##### Provided entries #####

(* For every integer $n\geq 2$: $\mathcal{C}_{B}(n,1)=n!$, $\mathcal{C}_{B}(n,2)=(n-1)!$, and $\mathcal{C}_{B}(n,n-1)\leqslant n$, with equality $\mathcal{C}_{B}(n,n-1)=n$ whenever $n\notin\{3,5\}$.
   Context: Let $S_n$ be the symmetric group on $[n]=\{1,\dots,n\}$; a permutation is written in vector notation $\pi=(\pi(1),\dots,\pi(n))$. A permutation $\sigma\in S_m$ is called minimal if $\sigma(i+1)\neq\sigma(i)+1$ for all $1\leqslant i\leqslant m-1$. The block permutation distance $d_B(\pi_1,\pi_2)$ between $\pi_1,\pi_2\in S_n$ equals $d$ if $\pi_1=(\psi_1,\psi_2,\dots,\psi_{d+1})$ and $\pi_2=(\psi_{\sigma(1)},\dots,\psi_{\sigma(d+1)})$ for some minimal $\sigma\in S_{d+1}$, where $\psi_k=(\pi_1(i_{k-1}+1),\dots,\pi_1(i_k))$ for some indices $0=i_0<i_1<\dots<i_{d+1}=n$. Equivalently, with the characteristic set $A(\pi)=\{(\pi(i),\pi(i+1)):1\leqslant i<n\}$, one has $d_B(\pi_1,\pi_2)=|A(\pi_1)\setminus A(\pi_2)|$. For positive integers $n,d$, an $(n,d)$-permutation code is a subset $\mathcal{C}\subseteq S_n$ with $d_B(\sigma,\pi)\geqslant d$ for all distinct $\sigma,\pi\in\mathcal{C}$, and $\mathcal{C}_B(n,d)$ denotes the maximum size of such a code. *)

theory Defs
  imports Main
begin

text \<open>Permutations of [n] in vector notation, as lists (p ! (i-1) = pi(i)).\<close>
definition perms :: "nat \<Rightarrow> nat list set" where
  "perms n = {p. distinct p \<and> set p = {1..n}}"

definition charset :: "nat list \<Rightarrow> (nat \<times> nat) set" where
  "charset p = {(p ! i, p ! (i + 1)) | i. i + 1 < length p}"

definition dB :: "nat list \<Rightarrow> nat list \<Rightarrow> nat" where
  "dB p q = card (charset p - charset q)"

definition is_perm_code :: "nat \<Rightarrow> nat \<Rightarrow> nat list set \<Rightarrow> bool" where
  "is_perm_code n d C \<longleftrightarrow> C \<subseteq> perms n \<and>
     (\<forall>s\<in>C. \<forall>p\<in>C. s \<noteq> p \<longrightarrow> d \<le> dB s p)"

definition CB :: "nat \<Rightarrow> nat \<Rightarrow> nat" where
  "CB n d = Max (card ` {C. is_perm_code n d C})"

end

theory Submission
  imports Defs "HOL-Combinatorics.Multiset_Permutations"
begin

(*
  A permutation is determined by its set A of adjacent pairs, so distinct permutations are at
  distance at least 1. Rotating a permutation preserves its cyclic adjacency set, and permutations
  with the same cyclic adjacency set are at distance at most 1; so rotating the words of a code of
  distance 2 to start with 1 is injective. Conversely, permutations with the same first entry at
  distance at most 1 coincide, so the (n - 1)! permutations starting with 1 form a code.

  In a code of distance n - 1 the sets A are pairwise disjoint, each of size n - 1, inside the
  n (n - 1) off-diagonal pairs; so there are at most n codewords. For even n, the Walecki paths
  i, i + 1, i - 1, i + 2, i - 2, ... (mod n) have pairwise disjoint sets A. For odd n + 1, the
  Walecki paths closed up through an extra vertex \<infinity> are n arc-disjoint Hamiltonian cycles; if a
  Hamiltonian path R meets each of them in at most one arc, cutting every cycle open at that arc
  gives, together with R, n + 1 paths with pairwise disjoint sets A. Such transversal paths R are
  given explicitly for n + 1 = 4p + 3 (p \<ge> 2) and n + 1 = 4p + 1 (p \<ge> 3), and by hand for
  n + 1 = 7 and 9.
*)

section \<open>Adjacency sets of lists\<close>

lemma charset_Nil [simp]: "charset [] = {}"
  by (auto simp: charset_def)

lemma charset_singleton [simp]: "charset [x] = {}"
  by (auto simp: charset_def)

lemma charset_eq_set_zip: "charset xs = set (zip xs (tl xs))"
  by (auto simp: charset_def set_zip nth_tl)

lemma charset_Cons_Cons [simp]: "charset (x # y # xs) = insert (x, y) (charset (y # xs))"
  by (simp add: charset_eq_set_zip)

lemma charset_Cons: "charset (x # xs) = (if xs = [] then {} else insert (x, hd xs) (charset xs))"
  by (cases xs) auto

lemma finite_charset [simp]: "finite (charset xs)"
  by (induction xs rule: induct_list012) auto

lemma charset_subset_set: "charset xs \<subseteq> set xs \<times> set xs"
  by (induction xs rule: induct_list012) auto

lemma charset_append:
  "charset (xs @ ys) =
    charset xs \<union> charset ys \<union> (if xs = [] \<or> ys = [] then {} else {(last xs, hd ys)})"
  by (induction xs rule: induct_list012) (auto simp: charset_Cons)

#####

• [Activity]: Please report how many lines of the listing contain the word "cyclic", and include nothing beyond that number.

• [Solution for this problem]: 2